Vet assistant Celeste Cannon of Littleton expertly held the horse’s head during the procedure, providing a steady, calm presence.

Dreamer, quiet and comfortable, was given a dental exam and procedure while standing in a padded stock in the middle of the clinic’s clean, high-tech barn. While an adjustable dental speculum kept Dreamer’s mouth open, the vet did a visual and physical examination of the molars and incisors, which can involve the practitioner’s arm up to the elbow in the horse’s mouth.
Dreamer received a tooth grinding, called, “floating,” from both hand tools and power tools. Though a little louder, the new power tools are gentler and quicker.

Without sedation, Dreamer would have been antsy and fidgety, a bad combination for a 1,100-pound, powerhouse that could easily hurt a vet or an assistant.

More and more, owners are choosing sedation for their horses’ dental procedures in a practice that is 90 to 95 percent equines, and 20 percent of those cases involve high-end specialized horse dentistry.

“We are pretty well prepared to handle a wide range of cases, ” Olds said. “We do general care, vaccines and emergencies, because horses have an amazing capacity to hurt themselves.”

The vet office off Pleasant Park Road sits on 11 acres, with facilities that host five critical-care stalls and capacity for 12 additional horses. A closed-circuit TV system allows Internet access to monitor the horses in the recovery stalls.

The practice isn’t limited to just equine dentistry. It’s a full-service clinic with an in-house lab, computerized radiography known as digital X-rays, ultrasound equipment, video endoscope and a fully equipped surgery suite.

All the equipment still doesn’t prepare vets for everything they might find inside a horse’s mouth.

The oddest thing that Olds has seen in a horse’s mouth was a 5-inch rusty wire that was embedded in a horse’s tongue.
“I didn’t feel it or see it until I shined a light in there,” Olds said.

The owners told Olds that the horse had been head-shy, and after Olds removed the offending wire, the horse no longer had issues with people touching its head.

Olds, who always wanted to be a veterinarian, has also seen sticks stuck in the roof of the mouth, a cracked tooth turned sideways and the last tooth in a horse’s mouth so overgrown it had worked its way into the roof of the mouth.

“Unless you sedate a horse, you won’t find these things,” Olds said, “We never know what we’re going to see in there.”
Horses are living longer, and dental care is playing a role in their longevity. Olds said it is not unusual to see horses live into their 30s due to a combination of genetics, vet care, dental care and improved de-wormers. There are now feed options for senior horses that contain complete nutrition, and horses can now be fed healthy diets that don’t include hay.

Olds said she once had a 42-year-old horse at the clinic, but she couldn’t verify the horse’s age through records. She does see horses as old as 35 on a regular basis.
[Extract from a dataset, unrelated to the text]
(* Let $\mathbf{P}\subset\mathbb{C}$ be a Jordan arc and let $A\colon\mathbf{P}\to\mathbb{C}^{n\times n}$ and $b\colon\mathbf{P}\to\mathbb{C}^{n}$ be continuous such that $(A(\theta),b(\theta))$ is reachable for every $\theta\in\mathbf{P}$ (i.e. $\operatorname{rank}(b(\theta),A(\theta)b(\theta),\dots,A(\theta)^{n-1}b(\theta))=n$). Then there exists a continuous row vector $f\colon\mathbf{P}\to\mathbb{C}^{1\times n}$ such that the pair $(A+bf,b)$ is uniformly ensemble reachable.
   Context: A Jordan arc is the image of a continuous injective map from a compact interval into $\mathbb{C}$. For continuous $A\colon\mathbf{P}\to\mathbb{C}^{n\times n}$, $B\colon\mathbf{P}\to\mathbb{C}^{n\times m}$, the pair $(A,B)$ is uniformly ensemble reachable (from zero) if for every continuous $f\colon\mathbf{P}\to\mathbb{C}^n$ and every $\varepsilon>0$ there exist $T>0$ and an input $u$ such that $\sup_{\theta\in\mathbf{P}}\|\varphi(T,0,u)(\theta)-f(\theta)\|<\varepsilon$. Here, for the continuous-time system $\partial_t x(t,\theta)=A(\theta)x(t,\theta)+B(\theta)u(t)$, $x(0,\theta)=0$, one takes $u\in L^1([0,T],\mathbb{C}^m)$ and $\varphi(T,0,u)(\theta)=\int_0^T e^{A(\theta)(T-s)}B(\theta)u(s)\,ds$; for the discrete-time system $x_{t+1}(\theta)=A(\theta)x_t(\theta)+B(\theta)u_t$, $x_0(\theta)=0$, one takes $T\in\mathbb{N}$, $u=(u_0,\dots,u_{T-1})$, $u_i\in\mathbb{C}^m$, and $\varphi(T,0,u)(\theta)=\sum_{k=0}^{T-1}A(\theta)^kB(\theta)u_{T-1-k}$. The result holds for either notion. The input $u$ is independent of $\theta$. *)

theory Defs
  imports "HOL-Analysis.Analysis"
begin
The clinic also sees llamas, alpacas, goats, sheep and some swine and cattle, and it is one of the few practices that will see potbelly pigs. The practice area is from Shawnee to Interstate 25 and Arvada to Sedalia, but by arrangement the vets pay calls to Fort Collins, Fairplay, Brighton and Bennett.

The clinic also offers chiropractic adjustments for horses, but Olds’ passion is the dental side of the practice.

“It’s almost like instant gratification to do dental work,” Olds said. “You can take a horse that’s in pain, and after treatment, they have a change in personality, and it’s like a different horse.”

To reach Barbara Ford, email barbara@evergreenco.com or call 303-350-1043.

Box:
Aspen Creek Large Animal Clinic & Equine Dentistry Services
23605 Oehlmann Park Road in Conifer
303-697-4864
http://www.aspencreeklac.com/
Exams, sedation, dentistry procedures, bit seats and charting range in price from $125 to $175 per horse. The trip charge is $55.

PS- I wanted to title this piece "Cavity Search" but the editors wouldn't go for it.